### PROMPT
Search the records for "assms". Copy every line where it appears.

### EXTRACTED DATA

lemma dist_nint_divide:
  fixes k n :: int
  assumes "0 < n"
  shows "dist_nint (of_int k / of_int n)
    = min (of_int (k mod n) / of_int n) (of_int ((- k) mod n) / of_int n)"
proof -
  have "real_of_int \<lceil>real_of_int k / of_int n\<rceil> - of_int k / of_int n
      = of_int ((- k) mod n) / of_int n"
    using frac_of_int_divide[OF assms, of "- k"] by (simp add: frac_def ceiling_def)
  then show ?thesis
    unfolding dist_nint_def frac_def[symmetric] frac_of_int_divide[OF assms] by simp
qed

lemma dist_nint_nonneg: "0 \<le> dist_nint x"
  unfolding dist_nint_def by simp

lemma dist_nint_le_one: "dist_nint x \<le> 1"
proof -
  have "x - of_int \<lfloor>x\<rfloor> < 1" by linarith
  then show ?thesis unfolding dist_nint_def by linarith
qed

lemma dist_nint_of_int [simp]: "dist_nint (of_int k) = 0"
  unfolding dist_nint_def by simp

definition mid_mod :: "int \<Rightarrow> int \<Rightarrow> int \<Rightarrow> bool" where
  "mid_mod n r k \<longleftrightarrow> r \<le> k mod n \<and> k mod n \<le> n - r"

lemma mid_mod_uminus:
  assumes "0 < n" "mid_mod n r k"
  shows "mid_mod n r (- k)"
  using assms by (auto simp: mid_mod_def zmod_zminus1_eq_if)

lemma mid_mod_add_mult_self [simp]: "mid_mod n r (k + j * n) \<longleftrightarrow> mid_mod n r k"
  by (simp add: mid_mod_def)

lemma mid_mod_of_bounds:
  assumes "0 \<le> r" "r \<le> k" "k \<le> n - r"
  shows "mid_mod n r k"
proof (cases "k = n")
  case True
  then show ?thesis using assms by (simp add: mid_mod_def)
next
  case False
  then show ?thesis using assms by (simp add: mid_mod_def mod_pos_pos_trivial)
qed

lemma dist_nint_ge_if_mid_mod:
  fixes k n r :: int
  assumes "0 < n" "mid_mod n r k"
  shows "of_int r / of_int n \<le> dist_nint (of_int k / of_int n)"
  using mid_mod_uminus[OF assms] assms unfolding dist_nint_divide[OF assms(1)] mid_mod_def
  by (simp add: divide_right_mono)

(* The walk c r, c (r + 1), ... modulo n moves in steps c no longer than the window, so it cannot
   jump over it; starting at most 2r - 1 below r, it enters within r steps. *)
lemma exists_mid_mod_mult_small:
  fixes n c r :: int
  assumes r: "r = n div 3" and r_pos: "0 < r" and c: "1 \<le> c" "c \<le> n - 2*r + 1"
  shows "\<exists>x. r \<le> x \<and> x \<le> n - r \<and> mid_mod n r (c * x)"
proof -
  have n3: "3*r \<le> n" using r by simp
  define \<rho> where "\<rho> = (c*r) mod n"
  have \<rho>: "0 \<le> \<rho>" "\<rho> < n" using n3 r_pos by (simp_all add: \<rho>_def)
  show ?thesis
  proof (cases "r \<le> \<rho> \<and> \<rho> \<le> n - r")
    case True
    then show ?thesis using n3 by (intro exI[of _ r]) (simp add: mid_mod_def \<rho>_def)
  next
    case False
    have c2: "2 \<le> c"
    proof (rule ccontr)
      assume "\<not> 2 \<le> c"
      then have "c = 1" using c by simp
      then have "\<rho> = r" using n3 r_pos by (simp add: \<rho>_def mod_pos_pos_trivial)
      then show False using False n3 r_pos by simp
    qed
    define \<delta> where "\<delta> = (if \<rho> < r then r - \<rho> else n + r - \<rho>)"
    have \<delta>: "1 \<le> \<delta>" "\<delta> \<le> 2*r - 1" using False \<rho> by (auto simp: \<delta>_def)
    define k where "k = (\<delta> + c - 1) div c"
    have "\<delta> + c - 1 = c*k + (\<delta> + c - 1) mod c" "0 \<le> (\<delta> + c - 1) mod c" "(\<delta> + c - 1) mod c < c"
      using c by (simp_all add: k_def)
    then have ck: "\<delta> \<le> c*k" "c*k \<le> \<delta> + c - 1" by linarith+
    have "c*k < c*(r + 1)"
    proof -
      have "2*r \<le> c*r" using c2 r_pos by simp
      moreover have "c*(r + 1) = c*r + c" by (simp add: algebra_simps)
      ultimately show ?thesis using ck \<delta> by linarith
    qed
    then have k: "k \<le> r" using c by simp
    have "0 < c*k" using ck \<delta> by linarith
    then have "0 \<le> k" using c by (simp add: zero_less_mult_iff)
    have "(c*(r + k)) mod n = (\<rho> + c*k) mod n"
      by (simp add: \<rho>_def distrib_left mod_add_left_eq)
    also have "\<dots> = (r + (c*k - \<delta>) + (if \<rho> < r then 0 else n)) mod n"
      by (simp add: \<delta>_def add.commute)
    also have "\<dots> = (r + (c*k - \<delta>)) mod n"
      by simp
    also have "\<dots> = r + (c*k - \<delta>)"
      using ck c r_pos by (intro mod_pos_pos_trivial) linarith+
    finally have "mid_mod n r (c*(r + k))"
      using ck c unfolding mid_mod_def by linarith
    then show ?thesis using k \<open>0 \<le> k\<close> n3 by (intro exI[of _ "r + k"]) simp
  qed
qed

### RESULT
    using frac_of_int_divide[OF assms, of "- k"] by (simp add: frac_def ceiling_def)
    unfolding dist_nint_def frac_def[symmetric] frac_of_int_divide[OF assms] by simp
  using assms by (auto simp: mid_mod_def zmod_zminus1_eq_if)
  then show ?thesis using assms by (simp add: mid_mod_def)
  then show ?thesis using assms by (simp add: mid_mod_def mod_pos_pos_trivial)
  using mid_mod_uminus[OF assms] assms unfolding dist_nint_divide[OF assms(1)] mid_mod_def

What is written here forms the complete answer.